**Task goal**.
The entries below must be returned exactly as they stand.

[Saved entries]
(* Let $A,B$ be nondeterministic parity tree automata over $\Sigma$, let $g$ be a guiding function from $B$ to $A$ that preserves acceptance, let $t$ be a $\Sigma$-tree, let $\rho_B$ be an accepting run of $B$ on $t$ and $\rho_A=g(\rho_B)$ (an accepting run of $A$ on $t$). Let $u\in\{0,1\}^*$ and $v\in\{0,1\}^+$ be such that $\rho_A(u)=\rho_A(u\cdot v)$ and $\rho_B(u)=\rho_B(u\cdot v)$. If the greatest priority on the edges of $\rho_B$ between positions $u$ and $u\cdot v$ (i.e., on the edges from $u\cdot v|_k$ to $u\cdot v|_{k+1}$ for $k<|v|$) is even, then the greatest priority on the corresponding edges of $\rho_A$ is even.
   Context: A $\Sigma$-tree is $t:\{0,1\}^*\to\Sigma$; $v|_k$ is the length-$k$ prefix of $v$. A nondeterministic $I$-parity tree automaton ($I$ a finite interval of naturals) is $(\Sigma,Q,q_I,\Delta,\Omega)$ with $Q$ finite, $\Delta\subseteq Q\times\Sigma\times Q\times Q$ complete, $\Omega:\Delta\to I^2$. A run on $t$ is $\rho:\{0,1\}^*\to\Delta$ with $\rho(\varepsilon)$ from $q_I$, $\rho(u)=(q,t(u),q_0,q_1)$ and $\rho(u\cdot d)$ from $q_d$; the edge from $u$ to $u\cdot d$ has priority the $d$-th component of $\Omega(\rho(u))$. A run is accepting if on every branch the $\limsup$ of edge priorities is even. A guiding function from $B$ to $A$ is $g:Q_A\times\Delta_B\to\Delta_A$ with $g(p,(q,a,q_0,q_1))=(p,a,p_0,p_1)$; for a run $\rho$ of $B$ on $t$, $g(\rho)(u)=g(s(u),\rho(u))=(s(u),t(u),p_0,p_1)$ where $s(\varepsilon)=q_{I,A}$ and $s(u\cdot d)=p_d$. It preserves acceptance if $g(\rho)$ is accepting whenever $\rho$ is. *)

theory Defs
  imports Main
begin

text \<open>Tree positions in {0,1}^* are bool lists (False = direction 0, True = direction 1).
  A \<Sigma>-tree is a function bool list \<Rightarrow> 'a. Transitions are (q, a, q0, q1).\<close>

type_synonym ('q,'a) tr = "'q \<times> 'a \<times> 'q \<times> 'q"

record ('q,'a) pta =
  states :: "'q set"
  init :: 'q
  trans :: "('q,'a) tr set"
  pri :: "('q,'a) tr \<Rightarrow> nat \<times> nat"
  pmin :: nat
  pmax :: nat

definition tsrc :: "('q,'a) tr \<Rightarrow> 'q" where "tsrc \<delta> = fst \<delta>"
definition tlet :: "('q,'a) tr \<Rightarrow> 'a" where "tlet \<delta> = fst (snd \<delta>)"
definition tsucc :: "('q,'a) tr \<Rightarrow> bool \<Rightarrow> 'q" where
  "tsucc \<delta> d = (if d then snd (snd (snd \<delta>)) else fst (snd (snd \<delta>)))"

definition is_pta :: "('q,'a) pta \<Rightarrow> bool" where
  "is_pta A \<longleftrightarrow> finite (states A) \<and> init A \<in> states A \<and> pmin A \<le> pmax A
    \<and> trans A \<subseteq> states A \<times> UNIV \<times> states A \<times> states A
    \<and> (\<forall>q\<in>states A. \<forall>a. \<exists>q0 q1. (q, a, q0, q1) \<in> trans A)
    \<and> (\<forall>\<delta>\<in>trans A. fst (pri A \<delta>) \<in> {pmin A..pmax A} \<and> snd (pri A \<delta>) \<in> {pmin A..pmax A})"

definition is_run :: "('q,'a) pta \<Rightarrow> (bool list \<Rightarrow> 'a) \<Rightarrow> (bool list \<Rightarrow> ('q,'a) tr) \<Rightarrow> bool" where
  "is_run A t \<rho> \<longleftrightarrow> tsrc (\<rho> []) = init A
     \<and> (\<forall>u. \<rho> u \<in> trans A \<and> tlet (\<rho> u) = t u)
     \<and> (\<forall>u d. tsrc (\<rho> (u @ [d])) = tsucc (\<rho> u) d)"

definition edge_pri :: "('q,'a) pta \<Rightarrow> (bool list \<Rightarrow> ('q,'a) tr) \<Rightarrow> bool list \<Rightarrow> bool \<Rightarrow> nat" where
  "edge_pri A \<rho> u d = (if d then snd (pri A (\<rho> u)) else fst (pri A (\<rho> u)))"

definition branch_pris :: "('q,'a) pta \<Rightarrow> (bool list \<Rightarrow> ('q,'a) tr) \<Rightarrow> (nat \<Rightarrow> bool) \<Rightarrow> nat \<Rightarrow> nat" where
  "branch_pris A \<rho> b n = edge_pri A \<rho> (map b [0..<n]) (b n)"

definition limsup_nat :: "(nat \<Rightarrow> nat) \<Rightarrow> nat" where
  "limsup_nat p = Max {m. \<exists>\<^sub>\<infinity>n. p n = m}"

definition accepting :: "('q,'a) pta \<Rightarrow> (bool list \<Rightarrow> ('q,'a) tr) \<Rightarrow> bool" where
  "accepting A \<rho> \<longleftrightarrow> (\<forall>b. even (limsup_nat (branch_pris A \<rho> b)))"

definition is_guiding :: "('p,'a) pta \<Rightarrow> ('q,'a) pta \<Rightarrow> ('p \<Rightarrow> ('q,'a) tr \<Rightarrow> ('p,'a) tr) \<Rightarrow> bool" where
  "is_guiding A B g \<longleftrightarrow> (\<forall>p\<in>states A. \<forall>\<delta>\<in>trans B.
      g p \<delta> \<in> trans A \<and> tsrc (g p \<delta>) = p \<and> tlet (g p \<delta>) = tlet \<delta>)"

**Result for this exercise**.
(* Let $A,B$ be nondeterministic parity tree automata over $\Sigma$, let $g$ be a guiding function from $B$ to $A$ that preserves acceptance, let $t$ be a $\Sigma$-tree, let $\rho_B$ be an accepting run of $B$ on $t$ and $\rho_A=g(\rho_B)$ (an accepting run of $A$ on $t$). Let $u\in\{0,1\}^*$ and $v\in\{0,1\}^+$ be such that $\rho_A(u)=\rho_A(u\cdot v)$ and $\rho_B(u)=\rho_B(u\cdot v)$. If the greatest priority on the edges of $\rho_B$ between positions $u$ and $u\cdot v$ (i.e., on the edges from $u\cdot v|_k$ to $u\cdot v|_{k+1}$ for $k<|v|$) is even, then the greatest priority on the corresponding edges of $\rho_A$ is even.
   Context: A $\Sigma$-tree is $t:\{0,1\}^*\to\Sigma$; $v|_k$ is the length-$k$ prefix of $v$. A nondeterministic $I$-parity tree automaton ($I$ a finite interval of naturals) is $(\Sigma,Q,q_I,\Delta,\Omega)$ with $Q$ finite, $\Delta\subseteq Q\times\Sigma\times Q\times Q$ complete, $\Omega:\Delta\to I^2$. A run on $t$ is $\rho:\{0,1\}^*\to\Delta$ with $\rho(\varepsilon)$ from $q_I$, $\rho(u)=(q,t(u),q_0,q_1)$ and $\rho(u\cdot d)$ from $q_d$; the edge from $u$ to $u\cdot d$ has priority the $d$-th component of $\Omega(\rho(u))$. A run is accepting if on every branch the $\limsup$ of edge priorities is even. A guiding function from $B$ to $A$ is $g:Q_A\times\Delta_B\to\Delta_A$ with $g(p,(q,a,q_0,q_1))=(p,a,p_0,p_1)$; for a run $\rho$ of $B$ on $t$, $g(\rho)(u)=g(s(u),\rho(u))=(s(u),t(u),p_0,p_1)$ where $s(\varepsilon)=q_{I,A}$ and $s(u\cdot d)=p_d$. It preserves acceptance if $g(\rho)$ is accepting whenever $\rho$ is. *)

theory Defs
  imports Main
begin

text \<open>Tree positions in {0,1}^* are bool lists (False = direction 0, True = direction 1).
  A \<Sigma>-tree is a function bool list \<Rightarrow> 'a. Transitions are (q, a, q0, q1).\<close>

type_synonym ('q,'a) tr = "'q \<times> 'a \<times> 'q \<times> 'q"

record ('q,'a) pta =
  states :: "'q set"
  init :: 'q
  trans :: "('q,'a) tr set"
  pri :: "('q,'a) tr \<Rightarrow> nat \<times> nat"
  pmin :: nat
  pmax :: nat

definition tsrc :: "('q,'a) tr \<Rightarrow> 'q" where "tsrc \<delta> = fst \<delta>"
definition tlet :: "('q,'a) tr \<Rightarrow> 'a" where "tlet \<delta> = fst (snd \<delta>)"
definition tsucc :: "('q,'a) tr \<Rightarrow> bool \<Rightarrow> 'q" where
  "tsucc \<delta> d = (if d then snd (snd (snd \<delta>)) else fst (snd (snd \<delta>)))"

definition is_pta :: "('q,'a) pta \<Rightarrow> bool" where
  "is_pta A \<longleftrightarrow> finite (states A) \<and> init A \<in> states A \<and> pmin A \<le> pmax A
    \<and> trans A \<subseteq> states A \<times> UNIV \<times> states A \<times> states A
    \<and> (\<forall>q\<in>states A. \<forall>a. \<exists>q0 q1. (q, a, q0, q1) \<in> trans A)
    \<and> (\<forall>\<delta>\<in>trans A. fst (pri A \<delta>) \<in> {pmin A..pmax A} \<and> snd (pri A \<delta>) \<in> {pmin A..pmax A})"

definition is_run :: "('q,'a) pta \<Rightarrow> (bool list \<Rightarrow> 'a) \<Rightarrow> (bool list \<Rightarrow> ('q,'a) tr) \<Rightarrow> bool" where
  "is_run A t \<rho> \<longleftrightarrow> tsrc (\<rho> []) = init A
     \<and> (\<forall>u. \<rho> u \<in> trans A \<and> tlet (\<rho> u) = t u)
     \<and> (\<forall>u d. tsrc (\<rho> (u @ [d])) = tsucc (\<rho> u) d)"

definition edge_pri :: "('q,'a) pta \<Rightarrow> (bool list \<Rightarrow> ('q,'a) tr) \<Rightarrow> bool list \<Rightarrow> bool \<Rightarrow> nat" where
  "edge_pri A \<rho> u d = (if d then snd (pri A (\<rho> u)) else fst (pri A (\<rho> u)))"

definition branch_pris :: "('q,'a) pta \<Rightarrow> (bool list \<Rightarrow> ('q,'a) tr) \<Rightarrow> (nat \<Rightarrow> bool) \<Rightarrow> nat \<Rightarrow> nat" where
  "branch_pris A \<rho> b n = edge_pri A \<rho> (map b [0..<n]) (b n)"

definition limsup_nat :: "(nat \<Rightarrow> nat) \<Rightarrow> nat" where
  "limsup_nat p = Max {m. \<exists>\<^sub>\<infinity>n. p n = m}"

definition accepting :: "('q,'a) pta \<Rightarrow> (bool list \<Rightarrow> ('q,'a) tr) \<Rightarrow> bool" where
  "accepting A \<rho> \<longleftrightarrow> (\<forall>b. even (limsup_nat (branch_pris A \<rho> b)))"

definition is_guiding :: "('p,'a) pta \<Rightarrow> ('q,'a) pta \<Rightarrow> ('p \<Rightarrow> ('q,'a) tr \<Rightarrow> ('p,'a) tr) \<Rightarrow> bool" where
  "is_guiding A B g \<longleftrightarrow> (\<forall>p\<in>states A. \<forall>\<delta>\<in>trans B.
      g p \<delta> \<in> trans A \<and> tsrc (g p \<delta>) = p \<and> tlet (g p \<delta>) = tlet \<delta>)"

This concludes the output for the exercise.